Economy Watch: Lending Standards for CRE Tighten in Q1
- May 03, 2016
The Federal Reserve released its April 2016 Senior Loan Officer Opinion Survey on Bank Lending Practices on Monday, which found that a majority of banks tightened their standards on commercial real estate loans over the first quarter of 2016. Even so, the survey also indicated that demand for CRE loans had strengthened during the first quarter.
The survey didn’t ask lenders why they tightened CRE lending standards, but there are a few likely possibilities. One is that they’re more concerned about the economy than they were at the end of 2015, and worry that sluggish growth overall will slow down leasing and other forms of demand for CRE. Lenders might also be worried about overheating in certain markets, such as multifamily development.
A moderate faction of banks reported stronger demand for construction and land development loans and loans secured by nonresidential properties, while some also reported stronger demand for loans secured by multifamily residential properties.

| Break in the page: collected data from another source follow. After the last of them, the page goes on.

(* Let $\mathbf{k}$ be a field, $p\ge3$, $S=\mathbf{k}[e_1,\dots,e_{2p}]$, and let $\mathcal{F}$, $\mathcal{G}$ and $\varphi=(\varphi_i)_{i\ge0}:\mathcal{F}\to\mathcal{G}$ be as defined below. Then $\varphi$ is a map of chain complexes.
   Context: Let $V=\operatorname{span}_{\mathbf{k}}(e_1,\dots,e_{p-1})$, $W=\operatorname{span}_{\mathbf{k}}(e_{p+1},\dots,e_{2p-1})$; for $v\in V$ let $v'\in W$ be its image under $e_i\mapsto e_{p+i}$. For $U\in\{V,W\}$, $\partial^U:S\otimes\bigwedge^kU\to S\otimes\bigwedge^{k-1}U$ is $s\otimes u_1\wedge\cdots\wedge u_k\mapsto\sum_l(-1)^lsu_l\otimes u_1\wedge\cdots\widehat{u_l}\cdots\wedge u_k$. $\mathcal{F}$: $C_{a,b}=S\otimes\bigwedge^{a+2}V\otimes\bigwedge^bW$ ($a,b\ge0$), $\partial^h=\partial^V\otimes1:C_{a,b}\to C_{a-1,b}$ (zero if $a=0$), $\partial^v(s\otimes\omega\otimes w_1\wedge\cdots\wedge w_b)=(-1)^a\sum_l(-1)^lsw_l\otimes\omega\otimes w_1\wedge\cdots\widehat{w_l}\cdots\wedge w_b$; $\mathcal{F}_n=\bigoplus_{a+b=n}C_{a,b}$ with differential $\partial^h+\partial^v$. $\mathcal{G}$: for $i\ge1$, $M_i=(\bigwedge^iW\otimes W)/D_i$ where $D_i$ is spanned by $\sum_{l=1}^{i+1}(-1)^l(w_1\wedge\cdots\widehat{w_l}\cdots\wedge w_{i+1})\otimes w_l$; classes written $[\eta\otimes w]$. $\mathcal{G}_0=S$, $\mathcal{G}_i=S\otimes M_i$, differential $s\otimes[(w_1\wedge\cdots\wedge w_i)\otimes w]\mapsto\sum_l(-1)^lsw_l\otimes[(w_1\wedge\cdots\widehat{w_l}\cdots\wedge w_i)\otimes w]$ for $i\ge2$ and $s\otimes[w_1\otimes w]\mapsto-sw_1w$ for $i=1$ ($M_i\cong\mathbb{S}^{(2,1^{i-1})}W$; $\mathcal{G}$ resolves $S/\langle e_{p+1},\dots,e_{2p-1}\rangle^2$). $\varphi$: zero on $C_{a,b}$ for $a\ge1$; $\varphi_0(s\otimes v_1\wedge v_2)=s(v_1v_2'-v_2v_1')$ on $C_{0,0}$; $\varphi_i(s\otimes v_1\wedge v_2\otimes\eta)=sv_1\otimes[\eta\otimes v_2']-sv_2\otimes[\eta\otimes v_1']$ on $C_{0,i}$, $i\ge1$. *)

theory Defs
  imports Main "HOL-Library.Poly_Mapping" "HOL-Library.Function_Algebras"
begin
definition rectifiable_curve :: "(real \<Rightarrow> 'a::metric_space) \<Rightarrow> bool" where
  "rectifiable_curve g \<longleftrightarrow> continuous_on {0..1} g \<and> curve_var g 0 1 < \<infinity>"

definition arclen :: "(real \<Rightarrow> 'a::metric_space) \<Rightarrow> real \<Rightarrow> real" where
  "arclen g t = enn2real (curve_var g 0 (max 0 (min t 1)))"

definition line_integral :: "('a::metric_space \<Rightarrow> ennreal) \<Rightarrow> (real \<Rightarrow> 'a) \<Rightarrow> ennreal" where
  "line_integral \<rho> g = (\<integral>\<^sup>+ t. \<rho> (g t) * indicator {0..1} t \<partial>interval_measure (arclen g))"

definition enn_powr :: "ennreal \<Rightarrow> real \<Rightarrow> ennreal" where
  "enn_powr x p = (if x = \<infinity> then \<infinity> else ennreal (enn2real x powr p))"

definition test_curves :: "'a::metric_space set \<Rightarrow> (real \<Rightarrow> 'a) set" where
  "test_curves A = {g. rectifiable_curve g \<and> g ` {0..1} \<inter> A \<noteq> {} \<and>
                       (\<exists>s\<in>{0..1}. \<exists>t\<in>{0..1}. g s \<noteq> g t)}"

definition AM_admissible :: "'a::metric_space measure \<Rightarrow> 'a set \<Rightarrow> (nat \<Rightarrow> 'a \<Rightarrow> ennreal) \<Rightarrow> bool" where
  "AM_admissible M A \<rho> \<longleftrightarrow> (\<forall>j. \<rho> j \<in> borel_measurable M) \<and>
     (\<forall>g \<in> test_curves A. Liminf sequentially (\<lambda>j. line_integral (\<rho> j) g) \<ge> 1)"

definition approx_modulus :: "real \<Rightarrow> 'a::metric_space set \<Rightarrow> 'a measure \<Rightarrow> ennreal" where
  "approx_modulus p A M = (INF \<rho> \<in> {\<rho>. AM_admissible M A \<rho>}.
      Liminf sequentially (\<lambda>j. \<integral>\<^sup>+ x. enn_powr (\<rho> j x) p \<partial>M))"

definition metric_measure_space :: "'a::polish_space measure \<Rightarrow> bool" where
  "metric_measure_space M \<longleftrightarrow> sets M = sets borel \<and>
     (\<forall>S \<in> sets M. bounded S \<longrightarrow> emeasure M S < \<infinity>)"

end

theory Submission
  imports Defs
begin

(* Along a sequence r_j -> 0 realising the liminf in the Minkowski content, test the approximate
   modulus with rho_j = (1/r_j) times the indicator of the closed r_j-neighbourhood N_j of A.
   A nonconstant curve through a point x of A whose diameter exceeds r_j contains a subarc that
   stays in the closed r_j-ball around x and whose endpoints are r_j apart; this subarc lies in
   N_j and has length at least r_j, so the line integral of rho_j is at least 1 for all large j.
   The p-energy of rho_j is m(N_j) / r_j^p, and m(N_j) = m(N_j - A) because A is null. *)

fun chord_sum :: "(real \<Rightarrow> 'a::metric_space) \<Rightarrow> real list \<Rightarrow> real" where
  "chord_sum g (x # y # xs) = dist (g x) (g y) + chord_sum g (y # xs)"
| "chord_sum g _ = 0"

lemma sum_dist_eq_chord_sum:
  "(\<Sum>i < length ts - 1. dist (g (ts ! i)) (g (ts ! Suc i))) = chord_sum g ts"
proof (induction g ts rule: chord_sum.induct)
  case (1 g x y xs)
  have "length (x # y # xs) - 1 = Suc (length (y # xs) - 1)" by simp
  then show ?case using 1 by (simp only: sum.lessThan_Suc_shift) simp
qed auto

Meanwhile, nearly all foreign banks reported leaving CRE lending standards basically unchanged, while a significant fraction of foreign banks reported experiencing weaker demand for such loans.
In response to conditions in the CMBS market over the past six months, banks said they upped the volume of CRE loan originations while decreasing the volume of CRE loan securitization, the survey said. When asked about the anticipated large amount of CRE loans originated in 2006 that’s currently held in CMBS and which will need to be refinanced over the next six months, a good number of banks noted they expect standards for these refinancings to be somewhat tighter than the standards for other CRE loans.